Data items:

(* Let $T$ be a tree. Then (1) $\chi_{ei}(T)=1$ if and only if $\operatorname{diam}(T)\le 2$; and (2) $\chi_{ei}(T)=2$ if and only if $\operatorname{diam}(T)\ge 3$.
   Context: All graphs are finite and simple. A path $P_4$ in $G$ is a sequence $uxyv$ of four distinct vertices with $ux,xy,yv\in E(G)$; $u$ and $v$ are its end vertices. An $e$-injective $k$-coloring of a graph $G$ is a function $f:V(G)\to\{1,\dots,k\}$ such that $f(u)\ne f(v)$ whenever $u$ and $v$ are the end vertices of some path $P_4=uxyv$ in $G$ (the coloring need not be proper). The $e$-injective chromatic number $\chi_{ei}(G)$ is the minimum positive integer $k$ such that $G$ has an $e$-injective $k$-coloring. $\operatorname{diam}(T)$ denotes the diameter of $T$. *)

theory Defs
  imports Main
begin

definition simple_graph :: "'a set \<Rightarrow> ('a \<Rightarrow> 'a \<Rightarrow> bool) \<Rightarrow> bool" where
  "simple_graph V E \<longleftrightarrow> finite V \<and> (\<forall>u v. E u v \<longrightarrow> u \<in> V \<and> v \<in> V)
     \<and> (\<forall>u v. E u v \<longrightarrow> E v u) \<and> (\<forall>u. \<not> E u u)"

definition walk :: "'a set \<Rightarrow> ('a \<Rightarrow> 'a \<Rightarrow> bool) \<Rightarrow> 'a list \<Rightarrow> bool" where
  "walk V E xs \<longleftrightarrow> xs \<noteq> [] \<and> set xs \<subseteq> V \<and> (\<forall>i. Suc i < length xs \<longrightarrow> E (xs ! i) (xs ! Suc i))"

definition connected_graph :: "'a set \<Rightarrow> ('a \<Rightarrow> 'a \<Rightarrow> bool) \<Rightarrow> bool" where
  "connected_graph V E \<longleftrightarrow> (\<forall>u\<in>V. \<forall>v\<in>V. \<exists>xs. walk V E xs \<and> hd xs = u \<and> last xs = v)"

definition has_cycle :: "'a set \<Rightarrow> ('a \<Rightarrow> 'a \<Rightarrow> bool) \<Rightarrow> bool" where
  "has_cycle V E \<longleftrightarrow> (\<exists>xs. walk V E xs \<and> distinct xs \<and> length xs \<ge> 3 \<and> E (last xs) (hd xs))"

definition is_tree :: "'a set \<Rightarrow> ('a \<Rightarrow> 'a \<Rightarrow> bool) \<Rightarrow> bool" where
  "is_tree V E \<longleftrightarrow> simple_graph V E \<and> V \<noteq> {} \<and> connected_graph V E \<and> \<not> has_cycle V E"

definition gdist :: "'a set \<Rightarrow> ('a \<Rightarrow> 'a \<Rightarrow> bool) \<Rightarrow> 'a \<Rightarrow> 'a \<Rightarrow> nat" where
  "gdist V E u v = (LEAST n. \<exists>xs. walk V E xs \<and> hd xs = u \<and> last xs = v \<and> length xs = Suc n)"

definition diam :: "'a set \<Rightarrow> ('a \<Rightarrow> 'a \<Rightarrow> bool) \<Rightarrow> nat" where
  "diam V E = Max {gdist V E u v | u v. u \<in> V \<and> v \<in> V}"

definition is_P4 :: "('a \<Rightarrow> 'a \<Rightarrow> bool) \<Rightarrow> 'a \<Rightarrow> 'a \<Rightarrow> 'a \<Rightarrow> 'a \<Rightarrow> bool" where
  "is_P4 E u x y v \<longleftrightarrow> distinct [u, x, y, v] \<and> E u x \<and> E x y \<and> E y v"

definition e_injective_coloring :: "'a set \<Rightarrow> ('a \<Rightarrow> 'a \<Rightarrow> bool) \<Rightarrow> nat \<Rightarrow> ('a \<Rightarrow> nat) \<Rightarrow> bool" where
  "e_injective_coloring V E k f \<longleftrightarrow> f ` V \<subseteq> {1..k}
     \<and> (\<forall>u x y v. is_P4 E u x y v \<longrightarrow> f u \<noteq> f v)"

definition chi_ei :: "'a set \<Rightarrow> ('a \<Rightarrow> 'a \<Rightarrow> bool) \<Rightarrow> nat" where
  "chi_ei V E = (LEAST k. k > 0 \<and> (\<exists>f. e_injective_coloring V E k f))"

end

(*
  A tree has no closed walk of odd length, since such a walk contains an odd cycle.  Hence the
  distance from a fixed root changes parity along every edge, so colouring each vertex by the
  parity of its distance is e-injective: the ends of a P4 are three edges apart.  Thus
  chi_ei T <= 2, and chi_ei T = 1 exactly when T contains no P4.  In a tree this happens exactly
  when diam T <= 2: the first four vertices of a shortest walk of length diam T >= 3 form a P4,
  while the ends of a P4 are at odd distance, and distance 1 would close the P4 into a 4-cycle.
*)
theory Submission
  imports Defs
begin

lemma walk_iff_successively:
  "walk V E xs \<longleftrightarrow> xs \<noteq> [] \<and> set xs \<subseteq> V \<and> successively E xs"
  by (simp add: walk_def successively_conv_nth)

lemma walk_infix: "walk V E (xs @ ys @ zs) \<Longrightarrow> ys \<noteq> [] \<Longrightarrow> walk V E ys"
  by (simp add: walk_iff_successively successively_append_iff)

lemma walk_remove_loop:
  "walk V E (xs @ y # ys @ y # zs) \<Longrightarrow> walk V E (xs @ y # zs)"
  by (auto simp: walk_iff_successively successively_append_iff successively_Cons)

lemma walk_append:
  "walk V E xs \<Longrightarrow> walk V E ys \<Longrightarrow> E (last xs) (hd ys) \<Longrightarrow> walk V E (xs @ ys)"
  by (auto simp: walk_iff_successively successively_append_iff)

lemma walk_rev:
  assumes "\<And>u v. E u v \<Longrightarrow> E v u"
  shows "walk V E (rev xs) \<longleftrightarrow> walk V E xs"
proof -
  have "(\<lambda>x y. E y x) = E" using assms by blast
  then show ?thesis by (simp only: walk_iff_successively successively_rev set_rev rev_is_Nil_conv)
qed

definition closed_walk :: "'a set \<Rightarrow> ('a \<Rightarrow> 'a \<Rightarrow> bool) \<Rightarrow> 'a list \<Rightarrow> bool" where
  "closed_walk V E xs \<longleftrightarrow> walk V E xs \<and> E (last xs) (hd xs)"

lemma has_cycle_iff_closed_walk:
  "has_cycle V E \<longleftrightarrow> (\<exists>xs. closed_walk V E xs \<and> distinct xs \<and> 3 \<le> length xs)"
  unfolding has_cycle_def closed_walk_def by blast

lemma closed_walk_Cons_iff: "closed_walk V E (x # xs) \<longleftrightarrow> walk V E (x # xs @ [x])"
  using successively_append_iff[of E "x # xs" "[x]"]
  by (auto simp: closed_walk_def walk_iff_successively)

lemma walk_loop:
  "walk V E (xs @ y # ys @ y # zs) \<Longrightarrow> closed_walk V E (y # ys)"
  unfolding closed_walk_Cons_iff by (rule walk_infix[of V E xs _ zs]) simp_all

lemma closed_walk_remove_loop:
  assumes "closed_walk V E (xs @ y # ys @ y # zs)"
  shows "closed_walk V E (xs @ y # zs)"
proof -
  have "hd (xs @ y # zs) = hd (xs @ y # ys @ y # zs)" by (cases xs) simp_all
  moreover have "last (xs @ y # zs) = last (xs @ y # ys @ y # zs)" by (cases zs) simp_all
  moreover have "walk V E (xs @ y # zs)"
    using assms unfolding closed_walk_def by (blast intro: walk_remove_loop)
  ultimately show ?thesis using assms by (simp add: closed_walk_def)
qed

lemma odd_closed_walk_imp_has_cycle:
  assumes "closed_walk V E xs" "odd (length xs)" "\<And>u. \<not> E u u"
  shows "has_cycle V E"
  using assms(1,2)
proof (induction "length xs" arbitrary: xs rule: less_induct)
  case less
  show ?case
  proof (cases "distinct xs")
    case True
    have "length xs \<noteq> 1"
      using less.prems(1) assms(3) by (auto simp: closed_walk_def length_Suc_conv)
    with \<open>odd (length xs)\<close> have "3 \<le> length xs" by presburger
    with True less.prems(1) show ?thesis by (auto simp: has_cycle_iff_closed_walk)
  next
    case False
    \<comment> \<open>a repeated vertex splits the closed walk into two shorter ones, one of odd length\<close>
    then obtain as y bs cs where xs: "xs = as @ y # bs @ y # cs"
      using not_distinct_decomp by fastforce
    have "length xs = length (y # bs) + length (as @ y # cs)" using xs by simp
    with \<open>odd (length xs)\<close> consider "odd (length (y # bs))" | "odd (length (as @ y # cs))"
      by fastforce
    then show ?thesis
    proof cases
      case 1
      moreover have "closed_walk V E (y # bs)"
        using less.prems(1) xs walk_loop[of V E as y bs cs] by (simp add: closed_walk_def)
      ultimately show ?thesis using less.hyps[of "y # bs"] xs by simp
    next
      case 2
      moreover have "closed_walk V E (as @ y # cs)"
        using less.prems(1) xs by (auto intro: closed_walk_remove_loop)
      ultimately show ?thesis using less.hyps[of "as @ y # cs"] xs by simp
    qed
  qed
qed

lemma gdist_walk_exists:
  assumes "connected_graph V E" "u \<in> V" "v \<in> V"
  obtains xs where "walk V E xs" "hd xs = u" "last xs = v" "length xs = Suc (gdist V E u v)"
proof -
  obtain xs where xs: "walk V E xs" "hd xs = u" "last xs = v"
    using assms unfolding connected_graph_def by blast
  then have "length xs = Suc (length xs - 1)" by (simp add: walk_def)
  with xs have "\<exists>n xs. walk V E xs \<and> hd xs = u \<and> last xs = v \<and> length xs = Suc n" by blast
  from LeastI_ex[OF this] show ?thesis using that unfolding gdist_def by blast
qed

lemma gdist_less_length:
  assumes "walk V E xs"
  shows "gdist V E (hd xs) (last xs) < length xs"
proof -
  have "length xs = Suc (length xs - 1)" using assms by (simp add: walk_def)
  then have "gdist V E (hd xs) (last xs) \<le> length xs - 1"
    unfolding gdist_def using assms by (intro Least_le) blast
  then show ?thesis using \<open>length xs = Suc (length xs - 1)\<close> by linarith
qed

lemma gdist_self: "u \<in> V \<Longrightarrow> gdist V E u u = 0"
  using gdist_less_length[of V E "[u]"] by (simp add: walk_def)

lemma shortest_walk_distinct:
  assumes "walk V E xs" "length xs = Suc (gdist V E (hd xs) (last xs))"
  shows "distinct xs"
proof (rule ccontr)
  assume "\<not> distinct xs"
  then obtain as y bs cs where xs: "xs = as @ y # bs @ y # cs"
    using not_distinct_decomp by fastforce
  then have "walk V E (as @ y # cs)" using assms(1) walk_remove_loop by simp
  moreover have "hd (as @ y # cs) = hd xs" "last (as @ y # cs) = last xs"
    using xs by (cases as; cases cs; simp)+
  ultimately have "gdist V E (hd xs) (last xs) < length (as @ y # cs)"
    using gdist_less_length by metis
  with assms(2) xs show False by simp
qed
lemma hall_condition_ship_unit:
  assumes hall: "hall_condition E S T a b" and "finite S" "finite T"
    and slack: "\<forall>A\<subseteq>S. A \<noteq> {} \<longrightarrow> A \<noteq> S \<longrightarrow> sum a A < sum b (nbhd E T A)"
    and s0: "s0 \<in> S" "a s0 > 0" and t0: "t0 \<in> T" "E s0 t0" "b t0 > 0"
  shows "hall_condition E S T (a(s0 := a s0 - 1)) (b(t0 := b t0 - 1))"
  unfolding hall_condition_def
proof (intro allI impI)
  fix A assume A: "A \<subseteq> S"
  have fin: "finite A" "finite (nbhd E T A)"
    using A assms(2,3) finite_nbhd by (auto intro: finite_subset)
  have le: "sum a A \<le> sum b (nbhd E T A)"
    using hall A unfolding hall_condition_def by blast
  have a_le: "sum (a(s0 := a s0 - 1)) A \<le> sum a A"
    by (intro sum_mono) auto
  show "sum (a(s0 := a s0 - 1)) A \<le> sum (b(t0 := b t0 - 1)) (nbhd E T A)"
  proof (cases "t0 \<in> nbhd E T A")
    case False
    then have "sum (b(t0 := b t0 - 1)) (nbhd E T A) = sum b (nbhd E T A)"
      by (intro sum.cong) auto
    then show ?thesis using le a_le by simp
  next
    case True
    then have "A \<noteq> {}"
      unfolding nbhd_def by auto
    note b_dec = sum_fun_upd_pred[of _ _ b, OF fin(2) True \<open>b t0 > 0\<close>]
    show ?thesis
    proof (cases "s0 \<in> A")
      case True
      then show ?thesis
        using sum_fun_upd_pred[of _ _ a, OF fin(1) True \<open>a s0 > 0\<close>] b_dec le by linarith
    next
      case False
      then have "A \<noteq> S" using s0 by blast
      with slack A \<open>A \<noteq> {}\<close> have "sum a A < sum b (nbhd E T A)" by blast
      moreover have "sum (a(s0 := a s0 - 1)) A = sum a A"
        using False by (intro sum.cong) auto
      ultimately show ?thesis using b_dec by linarith
    qed
  qed
qed

lemma feasible_flow_add_unit:
  assumes p: "feasible_flow E S T (a(s0 := a s0 - 1)) (b(t0 := b t0 - 1)) p"
    and "finite S" "finite T" and s0: "s0 \<in> S" "a s0 > 0" and t0: "t0 \<in> T" "E s0 t0" "b t0 > 0"
  shows "feasible_flow E S T a b (\<lambda>s t. p s t + (if s = s0 \<and> t = t0 then 1 else 0))"
  unfolding feasible_flow_def
proof (intro conjI allI impI ballI)
  fix s t assume "p s t + (if s = s0 \<and> t = t0 then 1 else 0) \<noteq> 0"
  then show "s \<in> S" "t \<in> T" "E s t"
    using p s0 t0 unfolding feasible_flow_def by (auto split: if_splits)
next
  fix s assume "s \<in> S"
  then show "(\<Sum>t\<in>T. p s t + (if s = s0 \<and> t = t0 then 1 else 0)) = a s"
    using p s0 t0 \<open>finite T\<close> unfolding feasible_flow_def
    by (auto simp: sum.distrib sum.delta split: if_splits)
next
  fix t assume "t \<in> T"
  have "(\<Sum>s\<in>S. p s t + (if s = s0 \<and> t = t0 then 1 else 0))
      = (\<Sum>s\<in>S. p s t) + (if t = t0 then 1 else 0)"
    using s0 \<open>finite S\<close> by (simp add: sum.distrib sum.delta)
  then show "(\<Sum>s\<in>S. p s t + (if s = s0 \<and> t = t0 then 1 else 0)) \<le> b t"
    using p \<open>t \<in> T\<close> t0(3) unfolding feasible_flow_def by (auto split: if_splits)
qed

text \<open>The induction on
\<open>|S| + a(S)\<close> either splits off a tight proper subset \<open>A\<close> together with its neighbourhood,
or, if there is none, ships a single unit along any edge.\<close>

theorem hall_condition_imp_feasible_flow:
  assumes "finite S" "finite T" "hall_condition E S T a b"
  shows "\<exists>p. feasible_flow E S T a b p"
  using assms
proof (induction "card S + sum a S" arbitrary: S T a b rule: less_induct)
  case less
  have hall: "sum a A \<le> sum b (nbhd E T A)" if "A \<subseteq> S" for A
    using less.prems(3) that unfolding hall_condition_def by blast
  show ?case
  proof (cases "\<exists>A. A \<subseteq> S \<and> A \<noteq> {} \<and> A \<noteq> S \<and> sum a A = sum b (nbhd E T A)")
    case True
    then obtain A where A: "A \<subseteq> S" "A \<noteq> {}" "A \<noteq> S" and tight: "sum a A = sum b (nbhd E T A)"
      by blast
    have fin: "finite A" "finite (S - A)" "finite (nbhd E T A)" "finite (T - nbhd E T A)"
      using A less.prems(1,2) finite_nbhd by (auto intro: finite_subset)
    have "card A < card S" "card (S - A) < card S"
      using A less.prems(1) by (auto intro: psubset_card_mono)
    moreover have "sum a A \<le> sum a S" "sum a (S - A) \<le> sum a S"
      using A less.prems(1) by (auto intro: sum_mono2)
    ultimately have smaller: "card A + sum a A < card S + sum a S"
        "card (S - A) + sum a (S - A) < card S + sum a S"
      by linarith+
    obtain p1 where "feasible_flow E A (nbhd E T A) a b p1"
      using less.hyps[OF smaller(1) fin(1,3) hall_condition_restrict[OF less.prems(3) A(1)]] ..
    moreover obtain p2 where "feasible_flow E (S - A) (T - nbhd E T A) a b p2"
      using less.hyps[OF smaller(2) fin(2,4)
          hall_condition_contract_tight[OF less.prems(3,1,2) A(1) tight]] ..
    ultimately show ?thesis
      using feasible_flow_combine[OF _ _ A(1) less.prems(1,2)] by blast
  next
    case False
    with hall have slack: "\<forall>A\<subseteq>S. A \<noteq> {} \<longrightarrow> A \<noteq> S \<longrightarrow> sum a A < sum b (nbhd E T A)"
      by (auto simp: order.strict_iff_order)
    show ?thesis
    proof (cases "\<forall>s\<in>S. a s = 0")
      case True
      then have "feasible_flow E S T a b (\<lambda>_ _. 0)"
        unfolding feasible_flow_def by simp
      then show ?thesis by blast
    next
      case False
      then obtain s0 where s0: "s0 \<in> S" "a s0 > 0"
        by blast
      then have "0 < sum b (nbhd E T {s0})"
        using hall[of "{s0}"] by simp
      then obtain t0 where t0: "t0 \<in> nbhd E T {s0}" "b t0 > 0"
        by (metis not_gr_zero sum.neutral)
      then have t0': "t0 \<in> T" "E s0 t0"
        unfolding nbhd_def by auto
      have "card S + sum (a(s0 := a s0 - 1)) S < card S + sum a S"
        using sum_fun_upd_pred[of _ _ a, OF less.prems(1) s0] by linarith
      then obtain p where "feasible_flow E S T (a(s0 := a s0 - 1)) (b(t0 := b t0 - 1)) p"
        using less.hyps less.prems(1,2)
          hall_condition_ship_unit[OF less.prems(3,1,2) slack s0 t0' t0(2)] by blast
      then show ?thesis
        using feasible_flow_add_unit[of E S T a s0 b t0] less.prems(1,2) s0 t0' t0(2) by blast
    qed
  qed
qed

definition upward_closed :: "'a set \<Rightarrow> 'a set set \<Rightarrow> bool" where
  "upward_closed I U \<longleftrightarrow> U \<subseteq> Pow I \<and> (\<forall>X\<in>U. \<forall>Y. X \<subseteq> Y \<and> Y \<subseteq> I \<longrightarrow> Y \<in> U)"

definition downward_closed :: "'a set \<Rightarrow> 'a set set \<Rightarrow> bool" where
  "downward_closed I D \<longleftrightarrow> D \<subseteq> Pow I \<and> (\<forall>Y\<in>D. \<forall>X. X \<subseteq> Y \<longrightarrow> X \<in> D)"

lemma upward_closed_Diff_downward_closed:
  "downward_closed I D \<Longrightarrow> upward_closed I (Pow I - D)"
  unfolding upward_closed_def downward_closed_def by blast

lemma sum_Pow_insert_split:
  fixes f :: "'a set \<Rightarrow> 'b::comm_monoid_add"
  assumes "finite I" "x \<notin> I" "U \<subseteq> Pow (insert x I)"
  shows "sum f U = sum f {X \<in> Pow I. X \<in> U} + sum (\<lambda>X. f (insert x X)) {X \<in> Pow I. insert x X \<in> U}"
proof -
  have U: "U = {X \<in> Pow I. X \<in> U} \<union> insert x ` {X \<in> Pow I. insert x X \<in> U}"
  proof (intro equalityI subsetI)
    fix X assume X: "X \<in> U"
    show "X \<in> {X \<in> Pow I. X \<in> U} \<union> insert x ` {X \<in> Pow I. insert x X \<in> U}"
    proof (cases "x \<in> X")
      case True
      then have "X = insert x (X - {x})" "X - {x} \<in> Pow I"
        using X assms(3) by auto
      then show ?thesis
        using X by (metis (mono_tags, lifting) UnI2 image_eqI mem_Collect_eq)
    next
      case False
      then show ?thesis
        using X assms(3) by auto
    qed
  qed auto
  have "inj_on (insert x) {X \<in> Pow I. insert x X \<in> U}"
    using assms(2) by (intro inj_onI) (metis PowD Diff_insert_absorb mem_Collect_eq subsetD)
  moreover have "{X \<in> Pow I. X \<in> U} \<inter> insert x ` {X \<in> Pow I. insert x X \<in> U} = {}"
    using assms(2) by auto
  ultimately show ?thesis
    using assms(1) by (subst U) (simp add: sum.union_disjoint sum.reindex)
qed

lemma chebyshev_sum_two:
  fixes k s0 s1 u0 u1 F0 F1 :: nat
  assumes "k * s0 \<le> u0 * F0" "k * s1 \<le> u1 * F1" "u0 \<le> u1" "F1 \<le> F0"
  shows "2 * k * (s0 + s1) \<le> (u0 + u1) * (F0 + F1)"
proof -
  obtain d where d: "u1 = u0 + d" using assms(3) le_Suc_ex by blast
  obtain e where e: "F0 = F1 + e" using assms(4) le_Suc_ex by blast
  have "2 * k * (s0 + s1) = 2 * (k * s0) + 2 * (k * s1)" by (simp add: algebra_simps)
  also have "\<dots> \<le> 2 * (u0 * F0) + 2 * (u1 * F1)" using assms(1,2) by simp
  also have "\<dots> \<le> (u0 + u1) * (F0 + F1)" unfolding d e by (simp add: algebra_simps)
  finally show ?thesis .
qed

What to work on> Copy the lines from the entries above in which the word "delta" appears.

Your solution>
    by (auto simp: sum.distrib sum.delta split: if_splits)
    using s0 \<open>finite S\<close> by (simp add: sum.distrib sum.delta)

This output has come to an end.